L’analyse de la politique budgétaire a toujours porté sur des variables de flux telles que le solde global. Toutefois, les flux sont en fait des modifications de stocks, et les stocks sont de plus en plus souvent considérés comme des repères importants permettant par eux-mêmes d’évaluer les politiques budgétaires. La réconciliation des flux et des stocks permet également de vérifier si la qualité des données budgétaires reste constante. On prend comme point de départ le compte de patrimoine de l’État à une date donnée. Il comprend, d’une part, les actifs publics, financiers (par exemple les dépôts des administrations) et non financiers (par exemple les routes) et, d’autre part, les passifs publics (par exemple la dette publique) et la valeur nette (c’est-à-dire la différence entre les actifs et les passifs).

Les passifs, qui sont pour l’essentiel constitués par la dette, sont une variable de stock communément utilisée. Des passifs importants ou en augmentation (généralement mesurés par rapport à une variable scalaire comme le PIB ou les recettes) peuvent annoncer des problèmes futurs pour le service de la dette.
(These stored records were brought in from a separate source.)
theorem mainTheorem17:
  fixes \<Lambda> :: "'d::finite \<Rightarrow> ('n::finite \<Rightarrow> nat) set"
    and c :: "'d \<Rightarrow> ('n \<Rightarrow> nat) \<Rightarrow> real"
    and S S0 :: "'n set"
    and F :: "'d \<Rightarrow> (real^'n) set"
    and u :: "real^'n"
  assumes "\<forall>\<nu>. finite (\<Lambda> \<nu>) \<and> \<Lambda> \<nu> \<noteq> {}"
    and "\<forall>\<nu>. \<forall>m\<in>\<Lambda> \<nu>. c \<nu> m \<noteq> 0"
    and "\<forall>\<nu>. is_face (F \<nu>) (newton (\<Lambda> \<nu>) S)"
    and "\<exists>M. \<forall>r\<in>IS S. \<forall>\<xi>. \<exists>L.
           ((\<lambda>\<epsilon>. osc_int (\<lambda>\<nu>. polyP (c \<nu>) (\<Lambda> \<nu>)) \<xi> \<epsilon> r) \<longlongrightarrow> L)
             (at 0 within {\<epsilon>. \<forall>j. 0 < \<epsilon>$j}) \<and> norm L \<le> M"
    and "S0 \<subseteq> S"
    and "\<forall>\<nu>. u \<in> dual_int (F \<nu>) (newton (\<Lambda> \<nu>) S) S"
    and "\<forall>j\<in>S0. u$j = 0"
    and "\<forall>j\<in>S - S0. 0 < u$j"
  shows "\<exists>M. \<forall>\<xi> a b. a \<in> IS S0 \<and> b \<in> IS S0 \<and> (\<forall>j. a$j < b$j) \<longrightarrow>
           norm (osc_int (\<lambda>\<nu>. polyP (c \<nu>) {m\<in>\<Lambda> \<nu>. mvec m \<in> F \<nu>}) \<xi> a b) \<le> M"
proof -
  define Q where "Q \<nu> = polyP (c \<nu>) (\<Lambda> \<nu>)" for \<nu>
  have Q_borel [measurable]: "Q \<nu> \<in> borel_measurable borel" for \<nu>
    by (simp add: Q_def)
  obtain M where lim: "\<forall>r\<in>IS S. \<forall>\<xi>. \<exists>L. ((\<lambda>\<epsilon>. osc_int Q \<xi> \<epsilon> r) \<longlongrightarrow> L)
      (at 0 within {\<epsilon>. \<forall>j. 0 < \<epsilon>$j}) \<and> norm L \<le> M"
    using assms(4) unfolding Q_def by blast
  have "\<forall>\<nu>. \<exists>r. \<forall>m\<in>\<Lambda> \<nu>. (mvec m \<in> F \<nu> \<longrightarrow> u \<bullet> mvec m = r) \<and> (mvec m \<notin> F \<nu> \<longrightarrow> r < u \<bullet> mvec m)"
    using assms(1,6) by (blast intro: dual_int_level)
  then obtain r where level: "\<And>\<nu>. \<forall>m\<in>\<Lambda> \<nu>. (mvec m \<in> F \<nu> \<longrightarrow> u \<bullet> mvec m = r \<nu>) \<and>
      (mvec m \<notin> F \<nu> \<longrightarrow> r \<nu> < u \<bullet> mvec m)"
    by (metis choice)
  show ?thesis
  proof (intro exI[of _ "2 ^ CARD('n) * M"] allI impI)
    fix \<xi> a b :: "real^_" assume ab: "a \<in> IS S0 \<and> b \<in> IS S0 \<and> (\<forall>j. a$j < b$j)"
    define \<delta> where "\<delta> k = inverse (real (Suc k))" for k
    define D where "D k = (\<chi> j. \<delta> k powr (u$j))" for k
    define \<xi>' where "\<xi>' k = (\<chi> \<nu>. \<xi>$\<nu> * \<delta> k powr (- r \<nu>))" for k
    have \<delta>_pos: "0 < \<delta> k" for k
      by (simp add: \<delta>_def)
    have \<delta>_lim: "\<delta> \<longlonglongrightarrow> 0"
      unfolding \<delta>_def by (rule LIMSEQ_inverse_real_of_nat)
    have D: "\<forall>j. 0 < D k $ j" for k
      using \<delta>_pos[of k] by (simp add: D_def)
    have "eventually (\<lambda>k. norm (osc_int Q (\<xi>' k) (diag_scale (D k) a) (diag_scale (D k) b))
        \<le> 2 ^ CARD('n) * M) sequentially"
      unfolding D_def using assms(7,8) ab
      by (intro eventually_norm_osc_int_rescaled_le[OF Q_borel lim \<delta>_pos \<delta>_lim]) auto
    moreover have "(\<lambda>k. \<xi>' k $ \<nu> * Q \<nu> (diag_scale (D k) s))
        \<longlonglongrightarrow> \<xi>$\<nu> * polyP (c \<nu>) {m\<in>\<Lambda> \<nu>. mvec m \<in> F \<nu>} s" for \<nu> s
      unfolding \<xi>'_def D_def Q_def vec_lambda_beta mult.assoc
      using assms(1) by (intro tendsto_mult_left tendsto_rescaled_polyP[OF _ \<delta>_pos \<delta>_lim level]) auto
    then have "(\<lambda>k. osc_int Q (\<xi>' k) (diag_scale (D k) a) (diag_scale (D k) b))
        \<longlonglongrightarrow> osc_int (\<lambda>\<nu>. polyP (c \<nu>) {m\<in>\<Lambda> \<nu>. mvec m \<in> F \<nu>}) \<xi> a b"
      unfolding osc_int_diag_scale[OF D Q_borel] using ab
      by (intro tendsto_osc_int) (auto simp: IS_def)
    ultimately show "norm (osc_int (\<lambda>\<nu>. polyP (c \<nu>) {m\<in>\<Lambda> \<nu>. mvec m \<in> F \<nu>}) \<xi> a b)
        \<le> 2 ^ CARD('n) * M"
      by (intro Lim_norm_ubound[OF trivial_limit_sequentially])
  qed
qed

end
La valeur financière nette tient compte du fait que les passifs peuvent être équilibrés par des actifs financiers, et qu’un examen limité aux passifs peut donner une idée fausse de la situation financière de l’État15. Toutefois, seuls les actifs financiers liquides peuvent être utilisés pour couvrir les passifs qui arrivent à échéance. Par exemple, les participations de l’État dans les entreprises publiques ne se vendent pas toujours facilement, et le retrait des dépôts d’État dans les banques publiques risque de précipiter leur effondrement. Par ailleurs, les opérations de compensation, qui consistent à équilibrer les engagements du secteur public par ses créances, peuvent dissimuler des problèmes d’asymétrie, comme l’incapacité de l’administration centrale à assurer le service de sa dette envers la caisse de sécurité sociale.

Le concept de valeur nette va plus loin en reconnaissant que les passifs peuvent être contrebalancés par des actifs financiers, mais aussi par des actifs non financiers. C’est la variable de stock la plus délicate à mesurer, car elle impose, par exemple, d’évaluer les actifs non financiers.

Le compte de patrimoine peut omettre certains aspects essentiels de la situation financière de l’État, et il doit donc être complété par d’autres informations, par exemple:

  • Les passifs conditionnels, comme les garanties des prêts (voir la discussion à la section I, «L’ajustement budgétaire comme instrument de réduction de la vulnérabilité»), sont fréquemment pris en compte aux fins de la politique des finances publiques; ils ont d’importants effets économiques et peuvent menacer la viabilité budgétaire. Il faut rendre public le montant nominal et la nature de ces passifs et communiquer également, si possible, une estimation de leur coût probable. Lorsque les garanties sont importantes, le budget doit en limiter le montant et comprendre des provisions correspondant au coût prévu.

  • Les partenariats public–privé sont essentiellement des accords de créditbail par lesquels le secteur privé apporte le financement initial, tandis que l’État reste propriétaire et assume la responsabilité de certains coûts futurs. Ces partenariats permettent de mobiliser des financements complémentaires à des fins d’investissement et peuvent améliorer l’efficience, mais ils risquent aussi de masquer des activités budgétaires (parfois à dessein) et d’exposer l’État à des coûts plus importants (et souvent cachés) que ceux d’un achat direct de travaux publics. Pour améliorer la transparence et l’évaluation de ces dispositifs, les autorités doivent fournir des informations sur les partenariats public–privé dans les documents budgétaires et dans les rapports financiers de fin d’exercice.